** Provided data follows **
lemma fmap_le_hit_gf:
  assumes "\<And>a b k. gen_ok N (a, b, k) \<Longrightarrow> 0 \<le> p a b k" "0 \<le> lam"
    and "\<And>a b c. gen_ok N (a, b, c) \<Longrightarrow> 0 \<le> q a b c \<and> q a b c \<le> hit_gf N p lam L a (a, b, c)"
    and "gen_ok N (i, j, k)"
  shows "0 \<le> fmap N p q lam i j k \<and> fmap N p q lam i j k \<le> hit_gf N p lam (Suc (2 * L)) i (i, j, k)"
  using fmap_nonneg [OF assms(1,2) _ assms(4)] fmap_mono [OF assms]
    fmap_hit_gf_le [OF assms(1,2,4), where L = L] assms(3)
  by fastforce

lemma aseq_le_hit_gf:
  assumes "\<And>a b k. gen_ok N (a, b, k) \<Longrightarrow> 0 \<le> p a b k" "0 \<le> lam"
  shows "gen_ok N (i, j, k) \<Longrightarrow>
    0 \<le> aseq N p lam n i j k \<and> aseq N p lam n i j k \<le> hit_gf N p lam (2 ^ (n + 1) - 1) i (i, j, k)"
proof (induction n arbitrary: i j k)
  case 0
  then show ?case
    using fmap_le_hit_gf [OF assms, where q = "\<lambda>_ _ _. 0" and L = 0] hit_gf_nonneg [OF assms]
    by simp
next
  case (Suc n)
  have "Suc (2 * (2 ^ (n + 1) - 1)) = 2 ^ (Suc n + 1) - (1::nat)"
    by (induction n) auto
  with Suc show ?case
    using fmap_le_hit_gf [OF assms, where q = "aseq N p lam n" and L = "2 ^ (n + 1) - 1"] by simp
qed

theorem lemmaA2:
  fixes N :: nat and p :: "nat \<Rightarrow> nat \<Rightarrow> int \<Rightarrow> real" and lam :: real
    and n i j :: nat and k :: int
  assumes "N \<ge> 3"
    and "\<And>a b k. a \<in> {1..N} \<Longrightarrow> b \<in> {1..N} \<Longrightarrow> a \<noteq> b \<Longrightarrow> k \<in> {-1, 1}
           \<Longrightarrow> 0 < p a b k \<and> p a b k < 1"
    and "\<And>a. a \<in> {1..N} \<Longrightarrow> (\<Sum>b \<in> {1..N} - {a}. \<Sum>k \<in> {-1, 1}. p a b k) = 1"
    and "0 \<le> lam" and "lam \<le> 1"
    and "i \<in> {1..N}" and "j \<in> {1..N}" and "i \<noteq> j" and "k \<in> {-1, 1}"
  shows "aseq N p lam n i j k \<le> (\<Sum>m = 0..2^(n+1) - 1. hit_prob N p i (i, j, k) m * lam ^ m)"
proof -
  have p_nonneg: "0 \<le> p a b c" if "gen_ok N (a, b, c)" for a b c
    using assms(2) [of a b c] that by (auto simp: gen_ok_def)
  have "gen_ok N (i, j, k)"
    using assms(6-9) by (simp add: gen_ok_def)
  with aseq_le_hit_gf [OF p_nonneg assms(4)] show ?thesis
    by (simp add: sum_hit_prob_eq_hit_gf)
qed

end
lemma reached_filtration:
  assumes N: "stopping_time_ge1 M F N"
  shows "reached N j \<in> sets (filtration j)"
proof -
  have stop_ev: "{\<omega>\<in>space M. N \<omega> = enat n} \<in> sets (filtration j)" if "n \<in> {..j}" for n
    using stopping_time_eq_filtration[OF N] filtration_mono that by blast
  have "reached N j = space (filtration j) - (\<Union>n\<in>{..j}. {\<omega>\<in>space M. N \<omega> = enat n})"
    (is "?reached = ?rest")
  proof (rule set_eqI)
    show "\<omega> \<in> ?reached \<longleftrightarrow> \<omega> \<in> ?rest" for \<omega>
      by (cases "N \<omega>") (auto simp: reached_def space_filtration)
  qed
  also have "\<dots> \<in> sets (filtration j)" using stop_ev by (intro sets.Diff sets.top sets.finite_UN) auto
  finally show ?thesis .
qed

lemma reached_events: "stopping_time_ge1 M F N \<Longrightarrow> reached N j \<in> events"
  using reached_filtration filtration_subset_events by blast

lemma stopping_time_measurable:
  assumes N: "stopping_time_ge1 M F N"
  shows "N \<in> measurable M (count_space UNIV)"
proof -
  have finite_ev: "{\<omega>\<in>space M. N \<omega> = enat n} \<in> events" for n
    using stopping_time_eq_filtration[OF N] filtration_subset_events by blast
  have "N -` {\<infinity>} \<inter> space M = space M - (\<Union>n. {\<omega>\<in>space M. N \<omega> = enat n})"
    by auto
  then have "N -` {\<infinity>} \<inter> space M \<in> events" using finite_ev by auto
  moreover have "N -` {enat n} \<inter> space M \<in> events" for n
    using finite_ev[of n] by (simp add: vimage_def Int_def conj_commute)
  ultimately have "N -` {a} \<inter> space M \<in> events" for a by (cases a) auto
  then show ?thesis unfolding measurable_count_space_eq2_countable by auto
qed

lemma stopped_measurable:
  assumes "stopping_time_ge1 M F N" and "\<And>n. X n \<in> borel_measurable M"
  shows "stopped X N \<in> borel_measurable M"
  unfolding stopped_def
  by (rule measurable_compose_countable[where f="\<lambda>k \<omega>. X (the_enat k) \<omega>", OF assms(2)
        stopping_time_measurable[OF assms(1)]])

lemma T_eq: "T n \<omega> = (\<Sum>i=1..n. search_time i \<omega>) + (Tra + Tdata)"
  unfolding Tcost_def search_time_def by simp

lemma T_measurable: "T n \<in> borel_measurable M"
  unfolding T_eq[abs_def] using search_time_measurable by (auto intro!: borel_measurable_sum)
** End of Provided data **
- Assignment
You are asked to reproduce word for word the line containing "unfolding Tcost_def search_time_def by simp" and every subsequent line through the end of the entries.

- Answer below
  unfolding Tcost_def search_time_def by simp

lemma T_measurable: "T n \<in> borel_measurable M"
  unfolding T_eq[abs_def] using search_time_measurable by (auto intro!: borel_measurable_sum)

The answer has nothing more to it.